*EXTRACTED MATERIAL*:
(* Let $\mathcal{S} \subseteq M_{m,n}$ be a subspace and let $P_{\mathcal{S}} \in M_n \otimes M_m$ be the orthogonal projection onto $\mathrm{vec}(\mathcal{S}) \subseteq \mathbb{R}^n\otimes\mathbb{R}^m$. Then \[ d(\mathcal{S})^2 \le W^{1+i}_{\max}(P_{\mathcal{S}}). \] In particular, if $W^{1+i}_{\max}(P_{\mathcal{S}}) < 1$ then $\mathcal{S}$ is rank-one-avoiding, i.e. no matrix in $\mathcal{S}$ has rank exactly $1$.
   Context: $M_{m,n}$ denotes real $m\times n$ matrices, $M_n = M_{n,n}$, and $M_n\otimes M_m$ is identified with $M_{nm}$ via the Kronecker product. The vectorization $\mathrm{vec}: M_{m,n}\to\mathbb{R}^n\otimes\mathbb{R}^m = \mathbb{R}^{mn}$ stacks the columns of a matrix on top of one another (first column on top), and $\mathrm{vec}(\mathcal{S}) = \{\mathrm{vec}(Y): Y\in\mathcal{S}\}$. For a subspace $\mathcal{S}$, $d(\mathcal{S}) = \max\{\|Y\| : Y\in\mathcal{S}, \|Y\|_F \le 1\}$, where $\|Y\|$ is the operator norm (largest singular value) and $\|Y\|_F$ the Frobenius norm. For $A = \sum_j X_j \otimes Y_j \in M_n\otimes M_m$, the partial transpose is $A^\Gamma = \sum_j X_j \otimes Y_j^T$. The numerical range of $A\in M_N(\mathbb{C})$ is $W(A) = \{\mathbf{x}^*A\mathbf{x} : \mathbf{x}\in\mathbb{C}^N, \|\mathbf{x}\|=1\}$. For real $B$, $W^{1+i}(B) = \{c\in\mathbb{R} : c(1+i)\in W(B+iB^\Gamma)\}$, a nonempty compact interval with maximum $W^{1+i}_{\max}(B)$. *)

theory Defs
  imports "HOL-Analysis.Analysis"
begin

*EXERCISE OBJECTIVE*: The records above are to be printed in full, exactly as they appear.

*SOLVED PROBLEM*:
(* Let $\mathcal{S} \subseteq M_{m,n}$ be a subspace and let $P_{\mathcal{S}} \in M_n \otimes M_m$ be the orthogonal projection onto $\mathrm{vec}(\mathcal{S}) \subseteq \mathbb{R}^n\otimes\mathbb{R}^m$. Then \[ d(\mathcal{S})^2 \le W^{1+i}_{\max}(P_{\mathcal{S}}). \] In particular, if $W^{1+i}_{\max}(P_{\mathcal{S}}) < 1$ then $\mathcal{S}$ is rank-one-avoiding, i.e. no matrix in $\mathcal{S}$ has rank exactly $1$.
   Context: $M_{m,n}$ denotes real $m\times n$ matrices, $M_n = M_{n,n}$, and $M_n\otimes M_m$ is identified with $M_{nm}$ via the Kronecker product. The vectorization $\mathrm{vec}: M_{m,n}\to\mathbb{R}^n\otimes\mathbb{R}^m = \mathbb{R}^{mn}$ stacks the columns of a matrix on top of one another (first column on top), and $\mathrm{vec}(\mathcal{S}) = \{\mathrm{vec}(Y): Y\in\mathcal{S}\}$. For a subspace $\mathcal{S}$, $d(\mathcal{S}) = \max\{\|Y\| : Y\in\mathcal{S}, \|Y\|_F \le 1\}$, where $\|Y\|$ is the operator norm (largest singular value) and $\|Y\|_F$ the Frobenius norm. For $A = \sum_j X_j \otimes Y_j \in M_n\otimes M_m$, the partial transpose is $A^\Gamma = \sum_j X_j \otimes Y_j^T$. The numerical range of $A\in M_N(\mathbb{C})$ is $W(A) = \{\mathbf{x}^*A\mathbf{x} : \mathbf{x}\in\mathbb{C}^N, \|\mathbf{x}\|=1\}$. For real $B$, $W^{1+i}(B) = \{c\in\mathbb{R} : c(1+i)\in W(B+iB^\Gamma)\}$, a nonempty compact interval with maximum $W^{1+i}_{\max}(B)$. *)

theory Defs
  imports "HOL-Analysis.Analysis"
begin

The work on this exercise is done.